I saw a nice little tank that is 2.5 gallons and would fit nicely on my desk. Could I maybe get some good growth of some high light plants with the right equipment or is it too small? Thanks for any info or tips


----------



## 77gp454 (Feb 18, 2007)

Bump
I am interested in hearing this as well.


----------



## XSPhoto (Sep 26, 2007)

myself as well.


----------



## fishermoe14 (Jul 13, 2007)

id had a 2.5 gal that was heavily planted.... but they were just cheapo plants from wally world....was running the ug and a compact floures. idk if this helps







..


----------



## CLUSTER ONE (Aug 2, 2006)

you could do some high light grasses with some driftwood or rockwork

ive seen somebody plant well a bird food dish and it looked great andthey usespebbles to look like boulders so 2.5 will work too


----------



## Doktordet (Sep 22, 2006)

my first tank ever was a 2.5 gallon.
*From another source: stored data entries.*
(* The first insertion bumps x1 = y 1 < y 2 < ... through rows 1, ..., r - 1 and cancels in
   row r; the hole then slides to the deleted box b1, leaving each row k between r and fst b1
   through a column e k that weakly increases with k. In U, y (k + 1) is a lower bound for the
   entries of row k exceeding y k, and row k has no barred k from column e k on.
   Inserting x2 \<ge> x1 into U, the entry bumped out of row k is therefore at least y (k + 1), so
   there is no cancellation above row r, and a cancellation in a row k \<ge> r happens strictly left
   of column e k. The second hole then stays strictly left of the first path: just left of it,
   the entry the first hole pulled up lies to the right, and the slide rule sends the hole down.
   So it is deleted left of column e (fst b1), or below row fst b1, where that column is empty. *)

lemma B0_less_B1: "B0 i b < B1 j"
  by (simp add: less_ent_def less_prod_def)

lemma not_is_B0_if_greater: "\<not> is_B0 z \<Longrightarrow> z < w \<Longrightarrow> \<not> is_B0 w"
  by (cases z; cases w) (auto simp: less_ent_def less_prod_def)

lemma eq_barred_if_between: "B0 k False < y \<Longrightarrow> y \<le> B0 k True \<Longrightarrow> y = B0 k True"
  by (cases y) (auto simp: less_eq_ent_def less_ent_def less_eq_prod_def less_prod_def split: if_splits)

lemma bumped_ge_next_row:
  assumes "B0 k False \<le> z" "z < w" "is_B0 w" "\<not> (z = B0 k False \<and> w = B0 k True)"
  shows "B0 (Suc k) False \<le> w"
  using assms
  by (cases z; cases w) (auto simp: less_eq_ent_def less_ent_def less_eq_prod_def less_prod_def
      split: if_splits, presburger+)

lemma barred_less_if_ge_next_row: "B0 (Suc i) False \<le> a \<or> \<not> is_B0 a \<Longrightarrow> B0 i True < a"
  by (cases a) (auto simp: less_eq_ent_def less_ent_def less_eq_prod_def less_prod_def split: if_splits)

lemma spo_tableau_box_pos:
  assumes "spo_tableau m n T" "T (i,j) = Some a"
  shows "1 \<le> i" "1 \<le> j"
proof -
  have "young_diagram (dom T)" "(i,j) \<in> dom T"
    using assms by (auto simp: spo_tableau_def)
  then show "1 \<le> i" "1 \<le> j" unfolding young_diagram_def by blast+
qed

lemma spo_tableau_box_exists:
  assumes "spo_tableau m n T" "T (i,j) = Some a" "1 \<le> i'" "i' \<le> i" "1 \<le> j'" "j' \<le> j"
  shows "\<exists>a'. T (i',j') = Some a'"
proof -
  have "young_diagram (dom T)" "(i,j) \<in> dom T"
    using assms(1,2) by (auto simp: spo_tableau_def)
  then have "(i',j') \<in> dom T"
    using assms(3-6) unfolding young_diagram_def by blast
  then show ?thesis by auto
qed

lemma finite_dom_spo_tableau: "spo_tableau m n T \<Longrightarrow> finite (dom T)"
  unfolding spo_tableau_def young_diagram_def by (elim conjE)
I wouls say its a bit on the small side and IMO just get a 10g tank. Get plants that would carpet the substrate. If you do decide to go with the 2.5, get substrate with smaller grains. Not too fine like sand but not too coarse either like fluorite.


----------



## DiPpY eGgS (Mar 6, 2005)

Sup

Ya know those little high wattage CF lights they are selling for desks all over the place now?

Well, if you put one of those over it for about 8 hrs a day, add some ferts when needed, changed 50-60% of the water every week, and trimmed it when needed, it would probably look great
Don't forget the cherry shrimp


----------



## Humper (Aug 7, 2006)

Ooo I forgot about cherry shrimp...thanks for the reply. How much wattage should i get? CO2? Thanks for the help guys.


----------



## traumatic (Jan 29, 2003)

Humper said:


> Ooo I forgot about cherry shrimp...thanks for the reply. How much wattage should i get? CO2? Thanks for the help guys.
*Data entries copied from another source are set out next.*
(* The action of $O_d(\mathbb R)$ on $U_d(\mathbb R)\subset\mathbb R^d\oplus\mathfrak{so}(d,\mathbb R)$ is free.
   Context: Fix $d\ge2$. $V=\mathbb C^d\oplus\mathfrak{so}(d,\mathbb C)$, elements $(v,M)$ with $v=(c_1,\dots,c_d)^\top$, $M$ skew-symmetric, $M_{ij}=c_{ij}=-M_{ji}$ for $i<j$; $O_d(\mathbb K)=\{A\in\mathbb K^{d\times d}:AA^\top=I\}$ acts by $A\cdot(v,M)=(Av,AMA^\top)$. $L^{(1)}=\{c_1=\dots=c_{d-1}=0\}$, $L^{(i)}=\{(v,M)\in L^{(i-1)}:c_{k(d-i+2)}=0,\ 1\le k\le d-i\}$ for $2\le i\le d-1$. $f_1=\sum c_i^2$; for $2\le i\le d-1$, $f_i$ is the $O_d(\mathbb C)$-invariant rational function on $V$ with $f_i|_{L^{(i-1)}}=c_{1(d-i+2)}^2+\dots+c_{(d-i+1)(d-i+2)}^2$; $f_d$ is the invariant rational function with $f_d|_{L^{(d-1)}}=c_{12}^2$ (these exist and are unique). $U_d(\mathbb C)$ is the set of points of $V$ in the domain of all $f_k$ with $\prod_kf_k\neq0$, and $U_d(\mathbb R)=U_d(\mathbb C)\cap(\mathbb R^d\oplus\mathfrak{so}(d,\mathbb R))$. An action is free if all stabilizers are trivial. *)

theory Defs
  imports Complex_Main
begin

text \<open>Points of V = C^d + so(d): a pair (v, M) with v indexed by 1..d and
  M a skew-symmetric d x d matrix indexed by 1..d (zero outside the index range).\<close>
type_synonym 'a pt = "(nat \<Rightarrow> 'a) \<times> (nat \<Rightarrow> nat \<Rightarrow> 'a)"

definition Vsp :: "nat \<Rightarrow> ('a::comm_ring_1) pt set" where
  "Vsp d = {(v, M). (\<forall>i. i \<notin> {1..d} \<longrightarrow> v i = 0)
      \<and> (\<forall>i j. (i \<notin> {1..d} \<or> j \<notin> {1..d}) \<longrightarrow> M i j = 0)
      \<and> (\<forall>i j. M i j = - M j i)}"

definition Orth :: "nat \<Rightarrow> (nat \<Rightarrow> nat \<Rightarrow> 'a::comm_ring_1) set" where
  "Orth d = {A. (\<forall>i j. (i \<notin> {1..d} \<or> j \<notin> {1..d}) \<longrightarrow> A i j = 0)
      \<and> (\<forall>i\<in>{1..d}. \<forall>j\<in>{1..d}. (\<Sum>k=1..d. A i k * A j k) = (if i = j then 1 else 0))}"

definition act :: "nat \<Rightarrow> (nat \<Rightarrow> nat \<Rightarrow> 'a::comm_ring_1) \<Rightarrow> 'a pt \<Rightarrow> 'a pt" where
  "act d A x = ((\<lambda>i. \<Sum>j=1..d. A i j * fst x j),
               (\<lambda>i j. \<Sum>k=1..d. \<Sum>l=1..d. A i k * snd x k l * A j l))"

definition idm :: "nat \<Rightarrow> nat \<Rightarrow> nat \<Rightarrow> 'a::comm_ring_1" where
  "idm d = (\<lambda>i j. if i = j \<and> i \<in> {1..d} then 1 else 0)"

inductive_set polyfun :: "('a::comm_ring_1 pt \<Rightarrow> 'a) set" where
  pconst: "(\<lambda>x. c) \<in> polyfun"
| pvc: "(\<lambda>x. fst x i) \<in> polyfun"
| pmc: "(\<lambda>x. snd x i j) \<in> polyfun"
| padd: "p \<in> polyfun \<Longrightarrow> q \<in> polyfun \<Longrightarrow> (\<lambda>x. p x + q x) \<in> polyfun"
| pmult: "p \<in> polyfun \<Longrightarrow> q \<in> polyfun \<Longrightarrow> (\<lambda>x. p x * q x) \<in> polyfun"

definition nonzero_on :: "'a pt set \<Rightarrow> ('a pt \<Rightarrow> 'a::comm_ring_1) \<Rightarrow> bool" where
  "nonzero_on S q = (\<exists>x\<in>S. q x \<noteq> 0)"

text \<open>(p, q) is a representative p/q of a rational function on V.\<close>
definition ratrep :: "nat \<Rightarrow> ('a pt \<Rightarrow> 'a::comm_ring_1) \<Rightarrow> ('a pt \<Rightarrow> 'a) \<Rightarrow> bool" where
  "ratrep d p q = (p \<in> polyfun \<and> q \<in> polyfun \<and> nonzero_on (Vsp d) q)"

definition ratequiv :: "nat \<Rightarrow> ('a pt \<Rightarrow> 'a::comm_ring_1) \<Rightarrow> ('a pt \<Rightarrow> 'a)
    \<Rightarrow> ('a pt \<Rightarrow> 'a) \<Rightarrow> ('a pt \<Rightarrow> 'a) \<Rightarrow> bool" where
  "ratequiv d p q p' q' = (\<forall>x\<in>Vsp d. p x * q' x = p' x * q x)"

definition invariant :: "nat \<Rightarrow> ('a pt \<Rightarrow> 'a::comm_ring_1) \<Rightarrow> ('a pt \<Rightarrow> 'a) \<Rightarrow> bool" where
  "invariant d p q = (\<forall>A\<in>Orth d. \<forall>x\<in>Vsp d. p (act d A x) * q x = p x * q (act d A x))"

definition restricts_to :: "'a pt set \<Rightarrow> ('a pt \<Rightarrow> 'a::comm_ring_1) \<Rightarrow> ('a pt \<Rightarrow> 'a)
    \<Rightarrow> ('a pt \<Rightarrow> 'a) \<Rightarrow> bool" where
  "restricts_to S p q g = (nonzero_on S q \<and> (\<forall>x\<in>S. p x = g x * q x))"

text \<open>The slices L^(i), 1 <= i <= d-1 (L^(0) := V is only an auxiliary value).\<close>
fun Lsl :: "nat \<Rightarrow> nat \<Rightarrow> complex pt set" where
  "Lsl d 0 = Vsp d"
| "Lsl d (Suc i) =
     (if i = 0 then {x \<in> Vsp d. \<forall>k\<in>{1..d-1}. fst x k = 0}
      else Lsl d i \<inter> {x. \<forall>k\<in>{1..d - Suc i}. snd x k (d - Suc i + 2) = 0})"

text \<open>The prescribed values: f_1 = sum c_i^2 on V; for 2 <= i <= d-1 the restriction
  of f_i to L^(i-1) is c_{1(d-i+2)}^2 + ... + c_{(d-i+1)(d-i+2)}^2; for i = d this
  formula reads c_12^2, which is the prescribed restriction of f_d to L^(d-1).\<close>
definition gfun :: "nat \<Rightarrow> nat \<Rightarrow> complex pt \<Rightarrow> complex" where
  "gfun d i = (if i = 1 then (\<lambda>x. \<Sum>k=1..d. (fst x k)^2)
               else (\<lambda>x. \<Sum>k=1..d-i+1. (snd x k (d-i+2))^2))"

definition frep :: "nat \<Rightarrow> nat \<Rightarrow> ((complex pt \<Rightarrow> complex) \<times> (complex pt \<Rightarrow> complex)) set" where
  "frep d i = {(p, q). ratrep d p q \<and>
     (if i = 1 then ratequiv d p q (gfun d 1) (\<lambda>x. 1)
      else (\<exists>p' q'. ratrep d p' q' \<and> ratequiv d p q p' q' \<and> invariant d p' q'
                    \<and> restricts_to (Lsl d (i - 1)) p' q' (gfun d i)))}"

text \<open>U_d(C): points in the domain of every f_k (some representative has nonzero
  denominator there) with prod f_k nonzero.\<close>
definition Ucx :: "nat \<Rightarrow> complex pt set" where
  "Ucx d = {x \<in> Vsp d. \<forall>k\<in>{1..d}. \<exists>(p, q)\<in>frep d k. q x \<noteq> 0 \<and> p x \<noteq> 0}"

definition embed :: "real pt \<Rightarrow> complex pt" where
  "embed x = ((\<lambda>i. complex_of_real (fst x i)), (\<lambda>i j. complex_of_real (snd x i j)))"

definition Ure :: "nat \<Rightarrow> real pt set" where
  "Ure d = {x. embed x \<in> Ucx d}"

end

(*
  Householder reflections move every real point of V into each slice L^(k) without leaving
  its O_d(R)-orbit. Suppose A fixes x in U_d(R). The value f_1(x) makes the last coordinate of
  the vector part of any representative nonzero, and f_(k+1)(x) makes the subdiagonal entry
  (d-k, d-k+1) of the matrix part of any representative in L^(k+1) nonzero; inductively, two
  representatives in L^(k) differ by an orthogonal matrix whose last k columns are signed unit
  vectors, which is what makes f_(k+1) computable on any representative. In L^(d) a
  representative z then has all these entries nonzero, so the conjugate of A fixing z is
  diagonal with entries +-1, the last one +1 and all equal along the nonzero subdiagonal.
  Since f_(k+1) is only given by representatives p/q, its value at a representative of x is
  reached by approximating x with points B z whose slice part avoids the zeros of q and
  passing to the limit with the compactness of O_d(R).
*)

theory Submission
  imports Defs "Jordan_Normal_Form.Determinant" "HOL-Computational_Algebra.Polynomial"
begin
If you decide on a desk lamp or something, just go w/ the bulb it gives you. For CO2, you could just buy flourish excel. I'd also get flourish comprehensive plant supplement. It's a good fert and will def help your plants.


----------



## DiPpY eGgS (Mar 6, 2005)

I would be more concearned with K rating than wattage for such a small tank.

See if you can get one in the 5000k to 10000k range if you can










a bit of ferts will go a long way as traum said


----------